It's important to look at the counts of a dataset. Originally, this dataset had only 16 X-Ray images in the validation dataset, so 401 were moved from the train set to the validation set. Still, there are significantly more X-Ray images that show pneumonia than those that don't, which means that the classes need to be weighted. 

In [None]:
# Displaying pneumonia X-rays
pneumonia = os.listdir("data/chest_xray/chest_xray/train/PNEUMONIA")
pneumoniadir = "data/chest_xray/chest_xray/train/PNEUMONIA"


# Plotting the X-rays
plt.figure(figsize = (20, 10))
for i in range(9):
    plt.subplot(3, 3, i+1)
    image = plt.imread(os.path.join(pneumoniadir, pneumonia[i]))
    plt.imshow(image)
    plt.axis('off')

In [None]:
# Displaying normal X-rays
normal = os.listdir("data/chest_xray/chest_xray/train/NORMAL")
normaldir = "data/chest_xray/chest_xray/train/NORMAL"

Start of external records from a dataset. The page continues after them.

(* Let $\mathcal{S}$ be the set of real numbers $c$ for which there exists a hereditary property of ordered graphs $\mathcal{P}$ with $\lim_{n \to \infty} |\mathcal{P}_n|^{1/n} = c$. Then for every integer $n \geqslant 2$ we have $n \in A^{n-1}(\mathcal{S})$, i.e. $n$ is a degree $n-1$ accumulation point from below of $\mathcal{S}$.
   Context: A hereditary property of ordered graphs is a collection of ordered graphs (graphs on $[n]$ with the natural order) closed under order-preserving isomorphism and under taking induced ordered subgraphs; $\mathcal{P}_n$ denotes its members with vertex set $[n]$. For $S\subset\mathbb{R}$, a point $c\in\mathbb{R}$ is an accumulation point from below of $S$ if for every $\varepsilon>0$, $S\cap(c-\varepsilon,c)\neq\emptyset$. $A^1(S)$ denotes the set of accumulation points from below of $S$, and $A^{m+1}(S)=A^1(A^m(S))$ for $m\in\mathbb{N}$. *)

theory Defs
  imports Complex_Main
begin

text \<open>An ordered graph on [n] = {1..n} (natural order) is a pair (n, E) where E is a
set of 2-element subsets of {1..n}.\<close>

type_synonym ograph = "nat \<times> nat set set"

definition is_ograph :: "ograph \<Rightarrow> bool" where
  "is_ograph G \<longleftrightarrow>
     snd G \<subseteq> {e. \<exists>i j. i \<in> {1..fst G} \<and> j \<in> {1..fst G} \<and> i \<noteq> j \<and> e = {i, j}}"

text \<open>Induced ordered subgraph on a vertex set S, relabelled to [card S] by the unique
order-preserving bijection {1..card S} -> S.\<close>

definition induced_osub :: "ograph \<Rightarrow> nat set \<Rightarrow> ograph" where
  "induced_osub G S =
     (let f = (\<lambda>i. sorted_list_of_set S ! (i - 1)) in
      (card S, {e. \<exists>i j. i \<in> {1..card S} \<and> j \<in> {1..card S} \<and> i \<noteq> j \<and>
                       e = {i, j} \<and> {f i, f j} \<in> snd G}))"

text \<open>Hereditary property: a collection of ordered graphs closed under taking induced
ordered subgraphs (closure under order-preserving isomorphism is automatic, since
graphs are normalised to vertex set [n] with the natural order).\<close>

definition hereditary :: "ograph set \<Rightarrow> bool" where
  "hereditary P \<longleftrightarrow>
     (\<forall>G\<in>P. is_ograph G) \<and>
     (\<forall>G\<in>P. \<forall>S. S \<subseteq> {1..fst G} \<longrightarrow> induced_osub G S \<in> P)"

definition level :: "ograph set \<Rightarrow> nat \<Rightarrow> nat set set set" where
  "level P n = {E. (n, E) \<in> P}"

definition growth_constants :: "real set" where
  "growth_constants = {c. \<exists>P. hereditary P \<and>
      (\<lambda>n. real (card (level P n)) powr (1 / real n)) \<longlonglongrightarrow> c}"

definition acc_below :: "real set \<Rightarrow> real set" where
  "acc_below S = {c. \<forall>\<epsilon>>0. S \<inter> {c - \<epsilon><..<c} \<noteq> {}}"

end

theory Submission
  imports Defs
begin

text \<open>
  Encode an ordered graph on \<open>[m]\<close> in which every vertex \<open>t\<close> is adjacent to exactly the \<open>r!t\<close>
  vertices immediately preceding it by its sequence \<open>r\<close> of back-degrees, with \<open>r!t \<le> min t q\<close>.
  A position no edge passes over is a cut; cuts split every sequence uniquely into blocks.
  For \<open>K :: nat \<Rightarrow> nat\<close>, bounding by \<open>K d\<close> the number of entries \<open>\<ge> d\<close> (for \<open>j \<le> d \<le> q\<close>)
  in every cut-free stretch gives a hereditary property whose counts satisfy the renewal
  equation \<open>a m = (\<Sum>l=1..m. b l * a (m - l))\<close> over the block counts \<open>b\<close>; its growth rate
  is therefore the root \<open>x\<close> of \<open>\<Sum>l. b l / x ^ l = 1\<close>.

  For \<open>j = q + 1\<close> nothing is restricted and the root is \<open>q + 1\<close>. Passing from \<open>j + 1\<close> to \<open>j\<close>
  with the new bound \<open>K j = k\<close> removes blocks, so the root drops strictly, but as \<open>k \<rightarrow> \<infinity>\<close> all
  blocks of a given length return and the roots converge to the old one from below. Induction
  down to \<open>j = 1\<close>, where blocks have bounded length and the root really is a growth constant,
  makes \<open>q + 1\<close> an accumulation point of order \<open>q\<close>.
\<close>

section \<open>Back-degree sequences, cuts and blocks\<close>

definition valid_seq :: "nat \<Rightarrow> nat list \<Rightarrow> bool" where
  "valid_seq q r \<longleftrightarrow> (\<forall>t<length r. r!t \<le> t \<and> r!t \<le> q)"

plt.figure(figsize = (20, 10))
for i in range(9):
    plt.subplot(3, 3, i+1)
    image = plt.imread(os.path.join(normaldir, normal[i]))
    plt.imshow(image)
    plt.axis('off')

As we can see, the pneumonia images seem to be a little more hazy and less clear, but the X-Ray images are a little difficult to read. Though there aren't many untrained human eyes looking at the X-Rays, it can still be confusing for healthcare providers.

In [None]:
# Reading the normal images

normal_img = plt.imread(os.path.join(normaldir, normal[0]))
normal_img

In [None]:
# Reading the pneumonia images

pneumonia_img = plt.imread(os.path.join(pneumoniadir, pneumonia[0]))
pneumonia_img

In [None]:
# Plotting a histogram of the pixels of the images

sns.histplot(normal_img.ravel(), color = 'pink', bins = 150)
plt.title('Pixel Intensity Distribution for a Normal X-Ray')
plt.xlabel('Pixel Intensity')
plt.ylabel('Number of pixels in the image')
plt.show();

In [None]:
# Plotting a histogram of the pixels of pneumonia images

sns.histplot(pneumonia_img.ravel(), color = 'pink', bins = 150)
plt.title('Pixel Intensity Distribution for a Pneumonia X-Ray')
plt.xlabel('Pixel Intensity')
plt.ylabel('Number of pixels in the image')
sns.histplot(pneumonia_img.ravel(), color = 'pink', bins = 150);

### Image Generator

In [None]:
# Separating train and val datagen

train_datagen = ImageDataGenerator(rescale=1./255)
val_datagen = ImageDataGenerator(rescale=1./255)

train_generator = train_datagen.flow_from_directory(train_dir, 
                                                    target_size=(224, 224), 
                                                    batch_size=32,
                                                    class_mode='binary',
                                                    shuffle = True)


validation_generator = val_datagen.flow_from_directory(val_dir,
                                                        target_size=(224, 224),
                                                        batch_size=32,
                                                        class_mode='binary',
                                                        shuffle = True)

In [None]:
# Checking available classes for the validation generator

validation_generator.class_indices

In [None]:
# Getting class weights

weight_pneu = pneu_count_tr / (pneu_count_tr + normal_count_tr)

weight_normal = normal_count_tr / (pneu_count_tr + normal_count_tr)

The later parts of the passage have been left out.